Record set:
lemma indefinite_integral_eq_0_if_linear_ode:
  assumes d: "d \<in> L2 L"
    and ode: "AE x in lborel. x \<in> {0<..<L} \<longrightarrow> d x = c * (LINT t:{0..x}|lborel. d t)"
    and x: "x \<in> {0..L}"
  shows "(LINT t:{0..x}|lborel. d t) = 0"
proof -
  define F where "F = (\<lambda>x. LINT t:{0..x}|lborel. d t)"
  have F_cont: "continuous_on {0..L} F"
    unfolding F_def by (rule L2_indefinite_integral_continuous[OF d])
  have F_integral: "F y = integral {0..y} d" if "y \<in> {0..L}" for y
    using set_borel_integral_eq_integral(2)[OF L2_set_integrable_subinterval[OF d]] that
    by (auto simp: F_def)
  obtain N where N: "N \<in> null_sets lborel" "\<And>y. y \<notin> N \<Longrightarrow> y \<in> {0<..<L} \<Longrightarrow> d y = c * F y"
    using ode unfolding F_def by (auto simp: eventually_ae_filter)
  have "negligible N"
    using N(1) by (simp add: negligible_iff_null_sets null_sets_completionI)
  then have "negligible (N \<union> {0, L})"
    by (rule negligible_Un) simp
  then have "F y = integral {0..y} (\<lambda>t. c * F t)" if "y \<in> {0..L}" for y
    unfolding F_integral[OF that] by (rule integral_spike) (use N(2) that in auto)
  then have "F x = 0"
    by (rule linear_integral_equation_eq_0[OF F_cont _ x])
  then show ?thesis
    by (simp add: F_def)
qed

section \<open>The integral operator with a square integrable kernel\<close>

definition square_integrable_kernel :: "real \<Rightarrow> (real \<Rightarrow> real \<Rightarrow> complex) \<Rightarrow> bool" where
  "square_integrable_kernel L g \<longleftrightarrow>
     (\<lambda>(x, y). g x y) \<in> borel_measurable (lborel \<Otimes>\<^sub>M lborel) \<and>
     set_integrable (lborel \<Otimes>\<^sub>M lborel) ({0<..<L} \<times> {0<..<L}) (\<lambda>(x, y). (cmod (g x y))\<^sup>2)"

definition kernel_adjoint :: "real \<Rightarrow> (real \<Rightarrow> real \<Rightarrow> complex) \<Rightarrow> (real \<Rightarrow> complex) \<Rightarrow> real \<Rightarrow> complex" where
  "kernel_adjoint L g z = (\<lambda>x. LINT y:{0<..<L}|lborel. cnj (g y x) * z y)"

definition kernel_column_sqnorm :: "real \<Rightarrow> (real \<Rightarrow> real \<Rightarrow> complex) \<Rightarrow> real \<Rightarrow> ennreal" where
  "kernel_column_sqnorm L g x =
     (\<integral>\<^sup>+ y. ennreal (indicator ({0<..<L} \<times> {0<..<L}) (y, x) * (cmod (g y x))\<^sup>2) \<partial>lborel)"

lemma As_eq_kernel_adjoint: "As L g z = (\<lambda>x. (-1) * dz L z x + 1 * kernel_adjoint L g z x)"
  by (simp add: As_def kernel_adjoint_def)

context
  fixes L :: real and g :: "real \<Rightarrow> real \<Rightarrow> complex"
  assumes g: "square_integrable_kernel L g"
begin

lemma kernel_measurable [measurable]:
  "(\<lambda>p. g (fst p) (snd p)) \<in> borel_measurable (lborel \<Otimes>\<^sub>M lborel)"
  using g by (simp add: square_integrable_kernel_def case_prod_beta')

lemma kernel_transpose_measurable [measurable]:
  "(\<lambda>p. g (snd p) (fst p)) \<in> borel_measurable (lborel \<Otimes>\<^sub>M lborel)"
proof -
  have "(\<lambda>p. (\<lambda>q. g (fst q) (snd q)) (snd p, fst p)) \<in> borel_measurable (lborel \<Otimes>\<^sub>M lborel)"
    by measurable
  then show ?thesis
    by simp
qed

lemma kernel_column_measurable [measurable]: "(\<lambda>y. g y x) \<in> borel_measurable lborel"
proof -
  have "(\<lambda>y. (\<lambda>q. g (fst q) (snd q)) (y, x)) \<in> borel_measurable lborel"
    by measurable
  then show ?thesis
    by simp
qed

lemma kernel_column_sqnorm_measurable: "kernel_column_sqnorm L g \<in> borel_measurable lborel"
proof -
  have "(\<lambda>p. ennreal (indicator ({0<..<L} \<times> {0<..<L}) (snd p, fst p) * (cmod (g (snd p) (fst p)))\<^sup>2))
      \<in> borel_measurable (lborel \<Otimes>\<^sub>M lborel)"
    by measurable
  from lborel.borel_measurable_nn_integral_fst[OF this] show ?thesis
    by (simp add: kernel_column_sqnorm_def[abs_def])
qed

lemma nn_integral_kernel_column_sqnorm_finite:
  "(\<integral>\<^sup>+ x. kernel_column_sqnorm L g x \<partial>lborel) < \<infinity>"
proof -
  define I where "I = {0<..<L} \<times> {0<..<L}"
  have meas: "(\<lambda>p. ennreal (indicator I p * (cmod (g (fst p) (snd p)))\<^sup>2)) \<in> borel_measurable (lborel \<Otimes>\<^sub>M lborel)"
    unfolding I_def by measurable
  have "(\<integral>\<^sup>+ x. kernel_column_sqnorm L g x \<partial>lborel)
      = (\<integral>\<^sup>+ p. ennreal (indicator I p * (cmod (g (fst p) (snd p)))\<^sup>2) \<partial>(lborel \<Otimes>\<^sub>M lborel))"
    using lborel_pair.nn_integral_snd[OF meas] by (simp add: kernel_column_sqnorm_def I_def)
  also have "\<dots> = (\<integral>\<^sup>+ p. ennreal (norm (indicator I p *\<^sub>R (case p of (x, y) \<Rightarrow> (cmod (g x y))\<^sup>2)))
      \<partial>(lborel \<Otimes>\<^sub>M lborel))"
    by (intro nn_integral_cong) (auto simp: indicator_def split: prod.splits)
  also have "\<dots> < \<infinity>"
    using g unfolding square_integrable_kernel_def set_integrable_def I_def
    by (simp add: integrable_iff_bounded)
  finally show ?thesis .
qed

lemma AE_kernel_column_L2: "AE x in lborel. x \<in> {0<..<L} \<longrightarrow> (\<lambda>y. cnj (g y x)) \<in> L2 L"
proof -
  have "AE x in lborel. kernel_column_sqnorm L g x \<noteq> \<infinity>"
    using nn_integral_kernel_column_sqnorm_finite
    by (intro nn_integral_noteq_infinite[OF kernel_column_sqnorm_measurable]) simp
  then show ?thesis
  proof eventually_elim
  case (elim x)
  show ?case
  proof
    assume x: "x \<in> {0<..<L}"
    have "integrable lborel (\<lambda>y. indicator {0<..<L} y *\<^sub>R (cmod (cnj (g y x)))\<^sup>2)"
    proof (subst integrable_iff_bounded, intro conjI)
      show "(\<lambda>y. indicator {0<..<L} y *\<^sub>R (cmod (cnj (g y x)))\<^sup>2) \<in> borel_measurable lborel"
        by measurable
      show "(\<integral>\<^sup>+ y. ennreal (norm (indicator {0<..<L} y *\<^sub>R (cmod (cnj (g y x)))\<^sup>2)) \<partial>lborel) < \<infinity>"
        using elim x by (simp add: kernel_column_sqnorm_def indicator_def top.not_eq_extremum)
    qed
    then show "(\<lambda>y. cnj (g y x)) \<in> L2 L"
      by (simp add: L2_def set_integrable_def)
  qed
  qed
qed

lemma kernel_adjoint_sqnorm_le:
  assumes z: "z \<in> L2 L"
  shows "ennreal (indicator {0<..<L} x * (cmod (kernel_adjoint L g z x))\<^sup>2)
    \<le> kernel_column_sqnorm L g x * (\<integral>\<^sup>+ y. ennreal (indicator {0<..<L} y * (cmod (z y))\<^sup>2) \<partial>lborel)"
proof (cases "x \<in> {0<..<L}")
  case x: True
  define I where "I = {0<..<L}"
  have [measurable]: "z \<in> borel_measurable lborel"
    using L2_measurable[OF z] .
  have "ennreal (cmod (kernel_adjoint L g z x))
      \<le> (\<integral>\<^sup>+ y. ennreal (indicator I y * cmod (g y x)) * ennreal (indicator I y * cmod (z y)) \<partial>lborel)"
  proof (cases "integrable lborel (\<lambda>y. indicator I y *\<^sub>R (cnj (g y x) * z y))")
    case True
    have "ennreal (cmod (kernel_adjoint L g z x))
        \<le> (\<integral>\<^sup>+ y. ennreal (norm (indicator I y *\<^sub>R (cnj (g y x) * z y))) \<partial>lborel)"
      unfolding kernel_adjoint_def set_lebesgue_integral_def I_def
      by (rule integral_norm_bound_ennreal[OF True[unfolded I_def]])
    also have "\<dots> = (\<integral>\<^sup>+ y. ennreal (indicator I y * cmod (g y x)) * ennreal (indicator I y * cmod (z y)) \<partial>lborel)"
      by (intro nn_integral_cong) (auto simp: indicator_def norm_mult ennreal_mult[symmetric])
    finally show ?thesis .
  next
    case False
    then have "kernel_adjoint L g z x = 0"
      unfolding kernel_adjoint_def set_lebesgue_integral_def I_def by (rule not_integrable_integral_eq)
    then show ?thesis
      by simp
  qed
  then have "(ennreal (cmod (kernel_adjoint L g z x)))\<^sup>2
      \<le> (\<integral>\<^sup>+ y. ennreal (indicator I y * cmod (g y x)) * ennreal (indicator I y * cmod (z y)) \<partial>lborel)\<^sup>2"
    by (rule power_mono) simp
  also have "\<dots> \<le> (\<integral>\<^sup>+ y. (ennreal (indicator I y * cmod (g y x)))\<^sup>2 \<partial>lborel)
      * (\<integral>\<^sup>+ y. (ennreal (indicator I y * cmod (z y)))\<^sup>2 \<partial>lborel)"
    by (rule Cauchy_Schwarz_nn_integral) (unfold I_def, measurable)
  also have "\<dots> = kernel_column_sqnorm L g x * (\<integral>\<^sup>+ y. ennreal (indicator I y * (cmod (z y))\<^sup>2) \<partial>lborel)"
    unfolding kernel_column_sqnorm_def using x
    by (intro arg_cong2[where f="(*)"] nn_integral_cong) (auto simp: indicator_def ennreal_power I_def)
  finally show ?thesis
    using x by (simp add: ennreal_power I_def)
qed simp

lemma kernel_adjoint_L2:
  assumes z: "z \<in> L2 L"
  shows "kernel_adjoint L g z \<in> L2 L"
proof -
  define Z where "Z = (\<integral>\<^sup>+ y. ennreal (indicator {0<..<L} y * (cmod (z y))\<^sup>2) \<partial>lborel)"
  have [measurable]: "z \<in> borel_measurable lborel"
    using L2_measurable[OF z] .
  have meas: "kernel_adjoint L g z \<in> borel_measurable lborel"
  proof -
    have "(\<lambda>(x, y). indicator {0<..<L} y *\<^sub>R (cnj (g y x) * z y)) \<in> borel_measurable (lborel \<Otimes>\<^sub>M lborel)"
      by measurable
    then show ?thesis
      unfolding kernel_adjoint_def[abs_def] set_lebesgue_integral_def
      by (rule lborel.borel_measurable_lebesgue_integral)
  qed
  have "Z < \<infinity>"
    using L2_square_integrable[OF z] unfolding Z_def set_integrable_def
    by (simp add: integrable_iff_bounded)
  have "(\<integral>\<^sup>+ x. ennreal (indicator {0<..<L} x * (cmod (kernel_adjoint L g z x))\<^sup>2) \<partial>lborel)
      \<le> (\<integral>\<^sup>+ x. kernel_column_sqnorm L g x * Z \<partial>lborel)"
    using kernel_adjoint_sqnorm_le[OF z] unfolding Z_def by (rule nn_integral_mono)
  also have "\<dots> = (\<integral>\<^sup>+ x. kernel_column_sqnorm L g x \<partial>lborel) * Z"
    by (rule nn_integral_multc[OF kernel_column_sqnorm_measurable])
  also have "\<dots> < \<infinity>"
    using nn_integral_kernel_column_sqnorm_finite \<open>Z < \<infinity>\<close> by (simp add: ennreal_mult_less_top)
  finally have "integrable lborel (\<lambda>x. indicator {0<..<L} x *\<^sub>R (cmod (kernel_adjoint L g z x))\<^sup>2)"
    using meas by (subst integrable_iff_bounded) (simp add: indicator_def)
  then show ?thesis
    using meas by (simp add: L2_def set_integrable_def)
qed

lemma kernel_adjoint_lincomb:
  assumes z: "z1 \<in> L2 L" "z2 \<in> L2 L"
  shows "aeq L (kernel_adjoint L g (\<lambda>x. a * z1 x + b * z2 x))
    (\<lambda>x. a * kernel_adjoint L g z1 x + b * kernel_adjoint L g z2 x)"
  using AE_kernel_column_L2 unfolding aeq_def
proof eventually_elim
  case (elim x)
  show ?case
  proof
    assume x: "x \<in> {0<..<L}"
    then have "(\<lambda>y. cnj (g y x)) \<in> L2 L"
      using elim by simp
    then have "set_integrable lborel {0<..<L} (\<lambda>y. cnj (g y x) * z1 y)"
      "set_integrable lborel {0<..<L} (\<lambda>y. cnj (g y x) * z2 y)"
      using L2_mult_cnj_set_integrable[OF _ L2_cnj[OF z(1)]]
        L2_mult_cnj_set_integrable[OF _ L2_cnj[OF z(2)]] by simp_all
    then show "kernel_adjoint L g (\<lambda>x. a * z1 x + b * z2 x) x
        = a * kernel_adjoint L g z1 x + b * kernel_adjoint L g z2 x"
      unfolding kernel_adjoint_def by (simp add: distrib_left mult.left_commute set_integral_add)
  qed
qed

Task statement:
All lines from the beginning of the material above through the one with "L2_set_integrable_subinterval[OF d]] that" need to be returned exactly; please return those and only those.

Answer box:
lemma indefinite_integral_eq_0_if_linear_ode:
  assumes d: "d \<in> L2 L"
    and ode: "AE x in lborel. x \<in> {0<..<L} \<longrightarrow> d x = c * (LINT t:{0..x}|lborel. d t)"
    and x: "x \<in> {0..L}"
  shows "(LINT t:{0..x}|lborel. d t) = 0"
proof -
  define F where "F = (\<lambda>x. LINT t:{0..x}|lborel. d t)"
  have F_cont: "continuous_on {0..L} F"
    unfolding F_def by (rule L2_indefinite_integral_continuous[OF d])
  have F_integral: "F y = integral {0..y} d" if "y \<in> {0..L}" for y
    using set_borel_integral_eq_integral(2)[OF L2_set_integrable_subinterval[OF d]] that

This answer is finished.